Doit-on supprimer « la journée des femmes » ?

Aujourd’hui, 8 mars, nous fêtons « la Journée Internationale des droits des femmes ». Alors que l’heure est à la célébration de la moitié de l’humanité, certaines voix s’élèvent pour dénoncer une journée « sexiste et contre-productive ».

Elle a été officialisée par les Nations Unies en 1982 : cette année, la Journée Internationale de la Femme fête ses 30 ans. Cet événement fait-il l’unanimité ? De moins en moins, selon toutes ces femmes pour qui cette journée est une aberration.

Vous avez souvent entendu (ou vous même dit) que « la journée des femmes, ça devrait être tous les jours » ? C’est un des arguments avancés par les détractrices de cette journée. Voici les autres.

Zweig

1. La Journée internationale des droits des femmes serait une commémoration figée : de la même façon que l’on fête les mères, les pères et les défunts, on fêterait les femmes de façon mécanique. Le sentiment convoqué se limiterait à celui d’une espèce de compassion à un instant T.

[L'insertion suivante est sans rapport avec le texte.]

lemma cm_seq_le_0: "cm_seq c \<Longrightarrow> c k \<le> c 0"
proof (induction k)
  case (Suc k)
  then show ?case using cm_seqD[of c 1 k] by simp
qed simp

lemma Bseq_cm_seq:
  assumes "cm_seq c"
  shows "Bseq c"
  using assms by (intro BseqI'[of _ "c 0"]) (simp add: cm_seq_nonneg cm_seq_le_0)

lemma cm_seq_shift: "cm_seq c \<Longrightarrow> cm_seq (\<lambda>j. c (j + n))"
  by (simp add: cm_seq_def neg_fwd_diff_shift)

lemma cm_seq_neg_fwd_diff: "cm_seq c \<Longrightarrow> cm_seq (neg_fwd_diff 1 c)"
  unfolding cm_seq_def by (metis neg_fwd_diff_Suc')

lemma cm_seq_add: "cm_seq f \<Longrightarrow> cm_seq g \<Longrightarrow> cm_seq (\<lambda>k. f k + g k)"
  by (simp add: cm_seq_def neg_fwd_diff_add)

lemma cm_seq_cmult: "cm_seq f \<Longrightarrow> 0 \<le> a \<Longrightarrow> cm_seq (\<lambda>k. a * f k)"
  by (simp add: cm_seq_def neg_fwd_diff_cmult)

lemma cm_seq_const: "0 \<le> a \<Longrightarrow> cm_seq (\<lambda>k. a)"
  by (simp add: cm_seq_def neg_fwd_diff_const)

text \<open>The product rule writes the first difference of \<open>f g\<close> as a sum of two products of
  completely monotone sequences.\<close>
lemma cm_seq_mult:
  assumes "cm_seq f" "cm_seq g"
  shows "cm_seq (\<lambda>k. f k * g k)"
proof -
  have "0 \<le> neg_fwd_diff m (\<lambda>j. f j * g j) k" if "cm_seq f" "cm_seq g" for m f g k
    using that
  proof (induction m arbitrary: f g k)
    case 0
    then show ?case by (simp add: cm_seq_nonneg)
  next
    case (Suc m)
    have "neg_fwd_diff 1 (\<lambda>j. f j * g j) = (\<lambda>j. neg_fwd_diff 1 f j * g j + f (j + 1) * neg_fwd_diff 1 g j)"
      by (auto simp: algebra_simps)
    then have "neg_fwd_diff (Suc m) (\<lambda>j. f j * g j) k =
        neg_fwd_diff m (\<lambda>j. neg_fwd_diff 1 f j * g j) k + neg_fwd_diff m (\<lambda>j. f (j + 1) * neg_fwd_diff 1 g j) k"
      by (simp only: neg_fwd_diff_Suc' neg_fwd_diff_add)
    moreover have "0 \<le> neg_fwd_diff m (\<lambda>j. neg_fwd_diff 1 f j * g j) k"
      by (intro Suc.IH cm_seq_neg_fwd_diff Suc.prems)
    moreover have "0 \<le> neg_fwd_diff m (\<lambda>j. f (j + 1) * neg_fwd_diff 1 g j) k"
      by (intro Suc.IH cm_seq_neg_fwd_diff cm_seq_shift Suc.prems)
    ultimately show ?case by simp
  qed
  then show ?thesis using assms by (simp add: cm_seq_def)
qed

lemma cm_seq_prod: "finite S \<Longrightarrow> (\<And>i. i \<in> S \<Longrightarrow> cm_seq (f i)) \<Longrightarrow> cm_seq (\<lambda>k. \<Prod>i\<in>S. f i k)"
  by (induction S rule: finite_induct) (auto intro: cm_seq_mult cm_seq_const)

lemma tendsto_neg_fwd_diff:
  "(\<And>k. (\<lambda>n. F n k) \<longlonglongrightarrow> c k) \<Longrightarrow> (\<lambda>n. neg_fwd_diff m (F n) k) \<longlonglongrightarrow> neg_fwd_diff m c k"
  by (induction m arbitrary: k) (auto intro: tendsto_diff)

lemma cm_seq_limit:
  assumes "\<And>n. cm_seq (F n)" "\<And>k. (\<lambda>n. F n k) \<longlonglongrightarrow> c k"
  shows "cm_seq c"
  unfolding cm_seq_def
proof (intro allI)
  fix m k
  show "0 \<le> neg_fwd_diff m c k"
    by (rule tendsto_lowerbound[OF tendsto_neg_fwd_diff[OF assms(2)]])
      (use assms(1) cm_seqD in auto)
qed

section \<open>Functions completely monotone along arithmetic progressions\<close>

definition cm_samples :: "(real \<Rightarrow> real) \<Rightarrow> bool" where
  "cm_samples f \<longleftrightarrow> (\<forall>x\<^sub>0\<ge>0. \<forall>h>0. cm_seq (\<lambda>k. f (x\<^sub>0 + real k * h)))"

2. Une telle journée tend à alimenter dans notre imaginaire collectif l’idée selon laquelle « la femme est une entité à part entière ». La femme serait alors perçue comme un concept, tandis qu’on continuerait à considérer les hommes comme des individualités.

3. L’histoire du 8 mars est controversée : on ne sait pas bien s’il faut en attribuer la paternité aux femmes socialistes d’Oslo (à moins que ce ne soit Copenhague ?) qui auraient choisi cette date pour lutter en faveur du vote des femmes ou (et c’est l’origine la plus probable) à une fête bolchévique (des ouvrières manifestent pacifiquement dans les rues de Saint Petersbourg pour réclamer du pain et le retour de leurs maris partis au front). Dans tous les cas, le constat est le même : le 8 mars n’est pas né d’un lot de revendications universelles, mais d’une lutte précise et ancrée dans le temps. La journée des femmes telle qu’on la connaît aujourd’hui ne serait qu’une vitrine édulcorée et bien-pensante des luttes qui animent les féministes, pour le coup, 365 jours par an.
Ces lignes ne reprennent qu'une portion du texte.